Do you not recall that God gave David three choices:
  • three years of famine
  • three months of fleeing his enemies
  • three days of plague.
David reasoned that the latter would be the best option because he trust more in the mercy of God than in the mercy of men (his enemies).

Why did this happen? Two possibilities come to mind:

  1. God was punishing the entire nation for offences that had been building up over time, or
  2. God sought to teach His people (note that carefully, the Israelites were HIS people) an important lesson concerning strict obedience to His instructions.
It's understandable that you have emotional difficulties with this, but if God's judgment is perfect based upon His omniscience, then His justice is also perfect. Nothing that He did was unfair or unjust.

In this account, the multitude was killed for the sin of one man; later, one man would be killed for the sins of the multitude on a cross.

So it's perfectly okay according to you that God killed 70,000 people for a census?  What makes that justice?  The fact that he's god?  Sorry, but it doesn't work that way.  Him being God would not absolve him of anything.  If God killed 70,000 people for a census, then I would say you cannot say that his justice is perfect.

Did you read Lord of the Rings several times, and discover that Sauron was actually the good guy all along?  

To be perfectly honest if anyone managed to convince me that the Christian God Existed, I'd more likely worship Satan instead.  He sounds far more reasonable.

LOL. No, because unlike God, Sauron WASN'T a good guy all along.

The census may have merely been the final straw or occasion of punishment for a series of events or patterns of sins that God finally had to address. And yes, I can say that God's just is perfect because His justice matched the offense in ways that you cannot comprehend.

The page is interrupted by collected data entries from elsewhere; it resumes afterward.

lemma Rtop_sg:
  assumes len: "length xs = ar \<sigma>" and xs: "set xs \<subseteq> C"
  shows "Rtop C q e (sg \<sigma> xs) = ff_sg C sg \<sigma> (map (Rtop C q e) xs)"
proof
  fix s
  define M where "M = dim q e (sg \<sigma> xs) + sum_list (map (dim q e) xs)"
  have sgC: "sg \<sigma> xs \<in> C"
    using sg_in_C len xs .
  have dims: "dim q e (sg \<sigma> xs) \<le> M" "\<forall>x\<in>set xs. dim q e x \<le> M"
    using member_le_sum_list_map[of _ _ "dim q e"] unfolding M_def by fastforce+
  show "Rtop C q e (sg \<sigma> xs) s = ff_sg C sg \<sigma> (map (Rtop C q e) xs) s"
  proof (cases "s \<in> seqs C")
    case True
    have ss: "length (map s [1..<M+1]) = M" "set (map s [1..<M+1]) \<subseteq> C"
      using set_map_seqs_subset[OF True] by simp_all
    have "Rtop C q e (sg \<sigma> xs) s = sg \<sigma> (map (\<lambda>x. q M x (map s [1..<M+1])) xs)"
      using Rtop_eq[OF sgC dims(1)] q_sg[OF len xs ss] True unfolding top_ext_def by simp
    then show ?thesis
      unfolding ff_sg_def map_Rtop_apply[OF xs dims(2) True] using True by simp
  qed (use Rtop_eq[OF sgC dims(1)] in \<open>simp add: top_ext_def ff_sg_def\<close>)
qed

lemma inj_on_Rtop:
  "inj_on (Rtop C q e) C"
proof
  fix a b
  assume a: "a \<in> C" and b: "b \<in> C" and eq: "Rtop C q e a = Rtop C q e b"
  define N where "N = dim q e a + dim q e b"
  define s where "s = (\<lambda>i::nat. if i = 0 then undefined else e i)"
  have s: "s \<in> seqs C" and s_e: "map s [1..<N+1] = map e [1..<N+1]"
    unfolding seqs_def s_def using e_in_C by auto
  have "Rtop C q e x s = x" if "x \<in> C" "dim q e x \<le> N" for x
  proof -
    have "Rtop C q e x s = q N x (map s [1..<N+1])"
      using Rtop_eq[OF that] s unfolding top_ext_def by simp
    then show ?thesis
      unfolding s_e q_unit[OF that(1)] .
  qed
  with a b eq show "a = b"
    unfolding N_def by (metis le_add1 le_add2)
qed

lemma ff_q_in_Rtop_image:
  assumes "\<phi> \<in> Rtop C q e ` C" and "length \<psi>s = n" and "set \<psi>s \<subseteq> Rtop C q e ` C"
  shows "ff_q C n \<phi> \<psi>s \<in> Rtop C q e ` C"
proof -
  obtain x where x: "x \<in> C" "\<phi> = Rtop C q e x"
    using assms(1) by blast
  obtain ys where ys: "set ys \<subseteq> C" "\<psi>s = map (Rtop C q e) ys"
    using obtain_map_preimage[OF assms(3)] .
  have "ff_q C n \<phi> \<psi>s = Rtop C q e (q n x ys)"
    using Rtop_q x ys assms(2) by simp
  then show ?thesis
    using q_in_C x ys assms(2) by simp
qed

lemma ff_sg_in_Rtop_image:
  assumes "length \<psi>s = ar \<sigma>" and "set \<psi>s \<subseteq> Rtop C q e ` C"
  shows "ff_sg C sg \<sigma> \<psi>s \<in> Rtop C q e ` C"
proof -
  obtain xs where xs: "set xs \<subseteq> C" "\<psi>s = map (Rtop C q e) xs"
    using obtain_map_preimage[OF assms(2)] .
  have "ff_sg C sg \<sigma> \<psi>s = Rtop C q e (sg \<sigma> xs)"
    using Rtop_sg xs assms(1) by simp
  then show ?thesis
    using sg_in_C xs assms(1) by simp
qed

end

theorem theorem7p6:
  fixes ar :: "'s \<Rightarrow> nat" and C :: "'c set" and sg :: "'s \<Rightarrow> 'c list \<Rightarrow> 'c"
    and q :: "nat \<Rightarrow> 'c \<Rightarrow> 'c list \<Rightarrow> 'c" and e :: "nat \<Rightarrow> 'c"
  assumes "clone_alg ar C sg q e"
    and "\<forall>a\<in>C. finite_dim q e a"
  defines "B \<equiv> Rtop C q e ` C"
  shows
    \<comment> \<open>B is a subuniverse of the full functional clone tau-algebra with value domain (C, sg)\<close>
    "B \<subseteq> FF C
     \<and> (\<forall>i\<ge>1. ff_e C i \<in> B)
     \<and> (\<forall>n \<phi> \<psi>s. \<phi> \<in> B \<longrightarrow> length \<psi>s = n \<longrightarrow> set \<psi>s \<subseteq> B \<longrightarrow> ff_q C n \<phi> \<psi>s \<in> B)
     \<and> (\<forall>\<sigma> \<psi>s. length \<psi>s = ar \<sigma> \<longrightarrow> set \<psi>s \<subseteq> B \<longrightarrow> ff_sg C sg \<sigma> \<psi>s \<in> B)
     \<comment> \<open>a \<mapsto> R(a)^top is a bijection from C onto B and a homomorphism\<close>
     \<and> bij_betw (Rtop C q e) C B
     \<and> (\<forall>i\<ge>1. Rtop C q e (e i) = ff_e C i)
     \<and> (\<forall>n x ys. x \<in> C \<longrightarrow> length ys = n \<longrightarrow> set ys \<subseteq> C \<longrightarrow>
          Rtop C q e (q n x ys) = ff_q C n (Rtop C q e x) (map (Rtop C q e) ys))
     \<and> (\<forall>\<sigma> xs. length xs = ar \<sigma> \<longrightarrow> set xs \<subseteq> C \<longrightarrow>
          Rtop C q e (sg \<sigma> xs) = ff_sg C sg \<sigma> (map (Rtop C q e) xs))"
proof -
  interpret clone_algebra ar C sg q e
    using assms(1) by (rule clone_algebra_if_clone_alg)
  interpret finite_dim_clone_algebra ar C sg q e
    using assms(2) by unfold_locales blast
  show ?thesis
    unfolding B_def
  proof (intro conjI allI impI)
    show "Rtop C q e ` C \<subseteq> FF C"
      using Rtop_in_FF assms(2) by blast
    show "ff_e C i \<in> Rtop C q e ` C" if "1 \<le> i" for i
      using Rtop_e[OF that] e_in_C[OF that] by (metis image_eqI)
    show "bij_betw (Rtop C q e) C (Rtop C q e ` C)"
      unfolding bij_betw_def using inj_on_Rtop by blast
  qed (use ff_q_in_Rtop_image ff_sg_in_Rtop_image Rtop_e Rtop_q Rtop_sg in auto)
qed

end
(* Let $N,\mu,\beta,\sigma,\gamma,p>0$ and $0<\rho<1$ and consider $$\begin{aligned}S'&=\mu N-\tfrac{\beta}{N}S(1-\rho)I-\tfrac{p}{N}S-\mu S, & E'&=\tfrac{\beta}{N}S(1-\rho)I-(\sigma+\mu) E, & I'&=\sigma E-(\gamma+\mu) I,\\ R'&=\gamma I-\mu R, & V'&=\tfrac{p}{N}S-\mu V.\end{aligned}$$ Let $\mathcal{R}_0=\dfrac{\mu N\sigma\beta(1-\rho)}{(\sigma+\mu)(\gamma+\mu)(p+\mu N)}$. If $\mathcal{R}_0>1$, then the endemic equilibrium $P^e=(S^e,E^e,I^e,R^e,V^e)$ given by $$S^e=\frac{(\sigma+\mu)(\gamma+\mu)N}{\sigma\beta(1-\rho)},\quad I^e=\frac{\mu N\sigma\beta(1-\rho)-(\sigma+\mu)(\gamma+\mu)(p+\mu N)}{(\sigma+\mu)(\gamma+\mu)\beta(1-\rho)},$$ $$E^e=\frac{\gamma+\mu}{\sigma}I^e,\quad R^e=\frac{\gamma}{\mu}I^e,\quad V^e=\frac{p}{\mu N}S^e$$ is asymptotically stable.
   Context: SEIR model with vaccination at constant effective rate $p$ and equal birth/death rate $\mu$; $\mathcal{R}_0$ is the reproductive number, and $\mathcal{R}_0>1$ is equivalent to $I^e>0$. *)

theory Defs
  imports "HOL-Analysis.Analysis"
begin

type_synonym state5 = "real \<times> real \<times> real \<times> real \<times> real"

definition seirv_field ::
  "real \<Rightarrow> real \<Rightarrow> real \<Rightarrow> real \<Rightarrow> real \<Rightarrow> real \<Rightarrow> real \<Rightarrow> state5 \<Rightarrow> state5" where
  "seirv_field N \<mu> \<beta> \<sigma> \<gamma> p \<rho> =
     (\<lambda>(S, E, I, R, V).
        (\<mu> * N - \<beta> / N * S * (1 - \<rho>) * I - p / N * S - \<mu> * S,
         \<beta> / N * S * (1 - \<rho>) * I - (\<sigma> + \<mu>) * E,
         \<sigma> * E - (\<gamma> + \<mu>) * I,
         \<gamma> * I - \<mu> * R,
         p / N * S - \<mu> * V))"
lemma inj_on_synthesis_op_dsum_op:
  fixes x :: "nat \<Rightarrow> 'a::{real_inner, complete_space}" and y :: "nat \<Rightarrow> 'b::{real_inner, complete_space}"
  assumes J: "cstruct J1" "cstruct J2" and B: "bessel_bound J1 x B1" "bessel_bound J2 y B2"
    and dense: "l2_orth (range (analysis_op J2 y)) \<subseteq> l2_closure (range (analysis_op J1 x))"
  shows "inj_on (synthesis_op (dsum_op J1 J2) (\<lambda>n. (x n, y n))) l2"
proof (rule inj_onI)
  fix a b assume ab: "a \<in> l2" "b \<in> l2"
    and eq: "synthesis_op (dsum_op J1 J2) (\<lambda>n. (x n, y n)) a = synthesis_op (dsum_op J1 J2) (\<lambda>n. (x n, y n)) b"
  have "synthesis_op (dsum_op J1 J2) (\<lambda>n. (x n, y n)) c = (synthesis_op J1 x c, synthesis_op J2 y c)"
    if "c \<in> l2" for c
    using summable_synthesis[OF J(1) B(1) that] summable_synthesis[OF J(2) B(2) that]
    by (rule synthesis_op_dsum_op)
  hence "synthesis_op J1 x a = synthesis_op J1 x b" "synthesis_op J2 y a = synthesis_op J2 y b"
    using eq ab by auto
  define d where "d = (\<lambda>n. a n - b n)"
  have d: "d \<in> l2" unfolding d_def by (rule l2_diff[OF ab])
  have "synthesis_op J1 x d = 0" "synthesis_op J2 y d = 0"
    unfolding d_def synthesis_op_diff[OF J(1) B(1) ab] synthesis_op_diff[OF J(2) B(2) ab]
    by (simp_all add: \<open>synthesis_op J1 x a = _\<close> \<open>synthesis_op J2 y a = _\<close>)
  hence orth1: "l2_inner (analysis_op J1 x p) d = 0" and orth2: "l2_inner (analysis_op J2 y q) d = 0" for p q
    using l2_inner_analysis_op[OF J(1) B(1) d, of p] l2_inner_analysis_op[OF J(2) B(2) d, of q]
    by (simp_all add: cinner_def complex_eq_iff)
  have "d \<in> l2_closure (range (analysis_op J1 x))"
    using dense d orth2 by (auto simp: l2_orth_def)
  hence "d = (\<lambda>n. 0)"
    using analysis_op_in_l2[OF B(1)] orth1 by (intro l2_closure_orth_eq_0) auto
  thus "a = b" by (simp add: d_def fun_eq_iff)
qed

theorem proposition2p20:
  fixes J1 K :: "'a::{real_inner, complete_space} \<Rightarrow> 'a"
    and J2 L :: "'b::{real_inner, complete_space} \<Rightarrow> 'b"
    and x :: "nat \<Rightarrow> 'a" and y :: "nat \<Rightarrow> 'b"
  assumes "cstruct J1" and "cstruct J2"
    and "separable_space (euclidean :: 'a topology)"
    and "separable_space (euclidean :: 'b topology)"
    and "cbounded J1 K" and "cbounded J2 L"
    and "kframe J1 K x" and "kframe J2 L y"
    and "l2_closure (range (analysis_op J1 x)) = l2_orth (range (analysis_op J2 y))"
  shows "kminimal (dsum_op J1 J2) (dsum_op K L) (\<lambda>n. (x n, y n))"
proof -
  obtain B1 B2 where B: "bessel_bound J1 x B1" "bessel_bound J2 y B2"
    using kframe_imp_bessel_bound assms(7,8) by metis
  have "range (analysis_op J1 x) \<subseteq> l2_orth (range (analysis_op J2 y))"
    using l2_closure_superset[of "range (analysis_op J1 x)"] analysis_op_in_l2[OF B(1)] assms(9) by auto
  hence "kframe (dsum_op J1 J2) (dsum_op K L) (\<lambda>n. (x n, y n))"
    using assms(5-8) by (rule kframe_dsum_op[rotated 4])
  moreover have "inj_on (synthesis_op (dsum_op J1 J2) (\<lambda>n. (x n, y n))) l2"
    using assms(1,2,9) B by (intro inj_on_synthesis_op_dsum_op) auto
  ultimately show ?thesis by (simp add: kminimal_def)
qed

end
lemma crown_less_CA_CB_iff:
  "i \<in> {1..n+k} \<Longrightarrow> j \<in> {1..n+k} \<Longrightarrow> crown_less n k (CA i) (CB j) \<longleftrightarrow> \<not> cyc_inc n k i j"
  by (auto simp: crown_less_def)

lemma independent_window_index_pairs:
  assumes "2 \<le> n" "G_independent n k S"
    and "fst ` S \<subseteq> CA ` {1..k+2}" "snd ` S \<subseteq> CB ` {1..k+2}"
  shows "independent_window n k (index_pairs S)"
proof
  show range: "index_pairs S \<subseteq> {1..k+2} \<times> {1..k+2}"
    using assms(3,4) unfolding index_pairs_def by force
  show "cyc_inc n k i j" if "(i, j) \<in> index_pairs S" for i j
    using that assms(2) unfolding index_pairs_def G_independent_def Inc_def by auto
  show "cyc_inc n k i j' \<or> cyc_inc n k i' j"
    if "(i, j) \<in> index_pairs S" "(i', j') \<in> index_pairs S" for i j i' j'
  proof -
    have "\<not> G_adj n k (CA i, CB j) (CA i', CB j')"
      using that assms(2) unfolding index_pairs_def G_independent_def by blast
    moreover have "{i, j, i', j'} \<subseteq> {1..n+k}"
      using that range assms(1) by force
    ultimately show ?thesis
      unfolding G_adj_def by (auto simp: crown_less_CA_CB_iff)
  qed
qed (use assms(1) in simp)

lemma disjoint_property_pos_less:
  assumes "disjoint_property n k x y" "x 1 = CA 1"
    and "cpos (y 1) \<in> {1..n+k}" "cpos (x 3) \<in> {1..n+k}"
  shows "cpos (y 1) < cpos (x 3)"
proof -
  have off: "cw_off n k (CA 1) p = int (cpos p) - 1" if "cpos p \<in> {1..n+k}" for p
  proof -
    have "(int (cpos p) - 1) mod int (n + k) = int (cpos p) - 1"
      using that by (intro mod_pos_pos_trivial) auto
    then show ?thesis
      by (simp add: cw_off_def)
  qed
  have "cw_off n k (x 1) (y 1) < cw_off n k (x 1) (x 3)"
    using assms(1) unfolding disjoint_property_def Let_def by linarith
  then show ?thesis
    using off[OF assms(3)] off[OF assms(4)] assms(2) by simp
qed
(* Let $Q$ be a quantity space over a field $K$. For every $x\in[1_Q]$ (the class of $1_Q$ under $\sim$), the measure $\mu_E(x)$ does not depend on the basis $E$ of $Q$.
   Context: A scalable monoid over a (unital, associative) ring $R$ is a monoid $X$ (identity $1_X$, product written $xy$) together with a map $R\times X\to X$, $(\alpha,x)\mapsto\alpha\cdot x$, such that $1\cdot x=x$, $\alpha\cdot(\beta\cdot x)=\alpha\beta\cdot x$ and $\alpha\cdot(xy)=(\alpha\cdot x)y=x(\alpha\cdot y)$. A quantity space over a field $K$ is a commutative scalable monoid $Q$ over $K$ for which there exists a basis, i.e. a finite set $E=\{e_1,\ldots,e_n\}$ of invertible elements of $Q$ such that every $x\in Q$ has a unique expansion $x=\mu\cdot\prod_{i=1}^n e_i^{k_i}$ with $\mu\in K$ and $k_i\in\mathbb{Z}$; the scalar $\mu$ is the measure $\mu_E(x)$ of $x$ relative to $E$. On $Q$, $x\sim y$ iff $\alpha\cdot x=\beta\cdot y$ for some $\alpha,\beta\in K$. *)

theory Defs
  imports Main
begin

definition scalable_monoid ::
  "('q \<Rightarrow> 'q \<Rightarrow> 'q) \<Rightarrow> 'q \<Rightarrow> ('k::ring_1 \<Rightarrow> 'q \<Rightarrow> 'q) \<Rightarrow> bool" where
  "scalable_monoid mul one smul \<longleftrightarrow>
     (\<forall>x y z. mul (mul x y) z = mul x (mul y z)) \<and>
     (\<forall>x. mul one x = x) \<and> (\<forall>x. mul x one = x) \<and>
     (\<forall>x. smul 1 x = x) \<and>
     (\<forall>a b x. smul a (smul b x) = smul (a * b) x) \<and>
     (\<forall>a x y. smul a (mul x y) = mul (smul a x) y) \<and>
     (\<forall>a x y. smul a (mul x y) = mul x (smul a y))"

definition invertible :: "('q \<Rightarrow> 'q \<Rightarrow> 'q) \<Rightarrow> 'q \<Rightarrow> 'q \<Rightarrow> bool" where
  "invertible mul one e \<longleftrightarrow> (\<exists>y. mul e y = one \<and> mul y e = one)"

definition inv_el :: "('q \<Rightarrow> 'q \<Rightarrow> 'q) \<Rightarrow> 'q \<Rightarrow> 'q \<Rightarrow> 'q" where
  "inv_el mul one e = (THE y. mul e y = one \<and> mul y e = one)"

primrec npow :: "('q \<Rightarrow> 'q \<Rightarrow> 'q) \<Rightarrow> 'q \<Rightarrow> 'q \<Rightarrow> nat \<Rightarrow> 'q" where
  "npow mul one e 0 = one"
| "npow mul one e (Suc n) = mul e (npow mul one e n)"

definition zpow :: "('q \<Rightarrow> 'q \<Rightarrow> 'q) \<Rightarrow> 'q \<Rightarrow> 'q \<Rightarrow> int \<Rightarrow> 'q" where
  "zpow mul one e k =
     (if 0 \<le> k then npow mul one e (nat k) else npow mul one (inv_el mul one e) (nat (- k)))"

text \<open>The product \<open>\<prod>_{e\<in>E} e^{k e}\<close> (well defined in a commutative monoid).\<close>
definition qprod :: "('q \<Rightarrow> 'q \<Rightarrow> 'q) \<Rightarrow> 'q \<Rightarrow> 'q set \<Rightarrow> ('q \<Rightarrow> int) \<Rightarrow> 'q" where
  "qprod mul one E k = Finite_Set.fold (\<lambda>e acc. mul (zpow mul one e (k e)) acc) one E"

text \<open>Exponent vectors are functions \<open>E \<rightarrow> \<int>\<close>, normalised to 0 outside \<open>E\<close>.\<close>
definition expvec :: "'q set \<Rightarrow> ('q \<Rightarrow> int) \<Rightarrow> bool" where
  "expvec E k \<longleftrightarrow> (\<forall>e. e \<notin> E \<longrightarrow> k e = 0)"

definition is_basis ::
  "('q \<Rightarrow> 'q \<Rightarrow> 'q) \<Rightarrow> 'q \<Rightarrow> ('k \<Rightarrow> 'q \<Rightarrow> 'q) \<Rightarrow> 'q set \<Rightarrow> bool" where
  "is_basis mul one smul E \<longleftrightarrow>
     finite E \<and> (\<forall>e\<in>E. invertible mul one e) \<and>
     (\<forall>x. \<exists>!(\<mu>, k). expvec E k \<and> x = smul \<mu> (qprod mul one E k))"

definition quantity_space ::
  "('q \<Rightarrow> 'q \<Rightarrow> 'q) \<Rightarrow> 'q \<Rightarrow> ('k::field \<Rightarrow> 'q \<Rightarrow> 'q) \<Rightarrow> bool" where
  "quantity_space mul one smul \<longleftrightarrow>
     scalable_monoid mul one smul \<and> (\<forall>x y. mul x y = mul y x) \<and>
     (\<exists>E. is_basis mul one smul E)"

definition qmeasure ::
  "('q \<Rightarrow> 'q \<Rightarrow> 'q) \<Rightarrow> 'q \<Rightarrow> ('k \<Rightarrow> 'q \<Rightarrow> 'q) \<Rightarrow> 'q set \<Rightarrow> 'q \<Rightarrow> 'k" where
  "qmeasure mul one smul E x =
     (THE \<mu>. \<exists>k. expvec E k \<and> x = smul \<mu> (qprod mul one E k))"

definition qsim :: "('k \<Rightarrow> 'q \<Rightarrow> 'q) \<Rightarrow> 'q \<Rightarrow> 'q \<Rightarrow> bool" where
  "qsim smul x y \<longleftrightarrow> (\<exists>\<alpha> \<beta>. smul \<alpha> x = smul \<beta> y)"

end

theory Submission
  imports Defs
begin

text \<open>Since \<open>1\<^sub>Q\<close> is the empty product \<open>\<prod> e\<^sup>0\<close> for every basis \<open>E\<close>, a quantity
  \<open>x \<sim> 1\<^sub>Q\<close> is forced by uniqueness of expansions to have all exponents zero, i.e. \<open>x = \<mu> \<cdot> 1\<^sub>Q\<close>,
  and then \<open>\<mu>\<^sub>E(x) = \<mu>\<close> whatever \<open>E\<close> is.\<close>

lemma qprod_zero_exponents:
  assumes "\<And>x. mul one x = x"
  shows "qprod mul one E (\<lambda>_. 0) = one"
proof -
  interpret comp_fun_commute "\<lambda>(e::'a) (acc::'a). acc"
    by unfold_locales auto
  have "Finite_Set.fold (\<lambda>e acc. acc) one E = one"
  proof (cases "finite E")
    case True
    then show ?thesis by (induction E rule: finite_induct) auto
  qed simp
  moreover have "(\<lambda>e. mul (zpow mul one e 0)) = (\<lambda>e acc. acc)"
    using assms by (simp add: zpow_def fun_eq_iff)
  ultimately show ?thesis
    by (simp add: qprod_def)
qed

lemma expvec_zero: "expvec E (\<lambda>_. 0)"
  by (simp add: expvec_def)

lemma basis_expansion_unique:
  assumes "is_basis mul one smul E"
    and "expvec E k" "x = smul \<mu> (qprod mul one E k)"
    and "expvec E k'" "x = smul \<mu>' (qprod mul one E k')"
  shows "\<mu> = \<mu>'" and "k = k'"
proof -
  have "\<exists>!(\<mu>, k). expvec E k \<and> x = smul \<mu> (qprod mul one E k)"
    using assms(1) by (simp add: is_basis_def)
  then have "(\<mu>, k) = (\<mu>', k')"
    using assms(2-5) by (blast elim: ex1E)
  then show "\<mu> = \<mu>'" and "k = k'" by simp_all
qed

lemma qmeasure_eqI:
  assumes "is_basis mul one smul E"
    and "expvec E k" "x = smul \<mu> (qprod mul one E k)"
  shows "qmeasure mul one smul E x = \<mu>"
  unfolding qmeasure_def
proof (rule the_equality)
  show "\<exists>k. expvec E k \<and> x = smul \<mu> (qprod mul one E k)"
    using assms(2,3) by blast
next
  fix \<nu>
  assume "\<exists>k. expvec E k \<and> x = smul \<nu> (qprod mul one E k)"
  then show "\<nu> = \<mu>"
    using basis_expansion_unique(1)[OF assms(1) _ _ assms(2,3)] by blast
qed

lemma qmeasure_smul_one:
  assumes "is_basis mul one smul E" and "\<And>x. mul one x = x"
  shows "qmeasure mul one smul E (smul \<mu> one) = \<mu>"
  using qmeasure_eqI[OF assms(1) expvec_zero] qprod_zero_exponents[of mul one, OF assms(2)] by simp

lemma qsim_one_imp_smul_one:
  fixes smul :: "'k::ring_1 \<Rightarrow> 'q \<Rightarrow> 'q"
  assumes sm: "scalable_monoid mul one smul" and E: "is_basis mul one smul E"
    and "qsim smul x one"
  obtains \<mu> where "x = smul \<mu> one"
proof -
  have unit: "\<And>x. mul one x = x"
    and smul_smul: "\<And>a b x. smul a (smul b x) = smul (a * b) x"
    using sm by (simp_all add: scalable_monoid_def)
  obtain \<mu> k where k: "expvec E k" and x: "x = smul \<mu> (qprod mul one E k)"
    using E by (force simp: is_basis_def)
  obtain \<alpha> \<beta> where "smul \<alpha> x = smul \<beta> one"
    using assms(3) by (auto simp: qsim_def)
  then have "smul \<alpha> x = smul \<beta> (qprod mul one E (\<lambda>_. 0))"
    by (simp add: qprod_zero_exponents[of mul one, OF unit])
  moreover have "smul \<alpha> x = smul (\<alpha> * \<mu>) (qprod mul one E k)"
    using x smul_smul by simp
  ultimately have "k = (\<lambda>_. 0)"
    using basis_expansion_unique(2)[OF E k _ expvec_zero] by blast
  then have "x = smul \<mu> one"
    using x qprod_zero_exponents[of mul one, OF unit] by simp
  then show thesis by (rule that)
qed

theorem proposition3p16:
  fixes mul :: "'q \<Rightarrow> 'q \<Rightarrow> 'q" and one :: 'q and smul :: "'k::field \<Rightarrow> 'q \<Rightarrow> 'q"
  assumes "quantity_space mul one smul"
    and "is_basis mul one smul E" and "is_basis mul one smul E'"
    and "qsim smul x one"
  shows "qmeasure mul one smul E x = qmeasure mul one smul E' x"
proof -
  have sm: "scalable_monoid mul one smul"
    using assms(1) by (simp add: quantity_space_def)
  then have unit: "\<And>x. mul one x = x"
    by (simp add: scalable_monoid_def)
  obtain \<mu> where "x = smul \<mu> one"
    using qsim_one_imp_smul_one[OF sm assms(2,4)] .
  then show ?thesis
    using qmeasure_smul_one[OF assms(2) unit] qmeasure_smul_one[OF assms(3) unit] by simp
qed

end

For example, everyone rants about the killing of the Canaanites...conveniently overlooking the fact that the Canaanites were truly horrible people...engaged in all sorts of perversions including child sacrifice to their idols, etc. Or they whine about the flood when God wiped out everyone but Noah's family...again missing the point that the sins of the people were a stench in God's nostrils. Or they point to the destruction of Sodom and Gomorrah (recently uncovered by archaeologists, btw - another vindication of the historical accuracy of the Bible), and claim that God was unfair while completely ignoring the sinful lifestyle of the homosexual population of the cities that was the cause of God's wrath.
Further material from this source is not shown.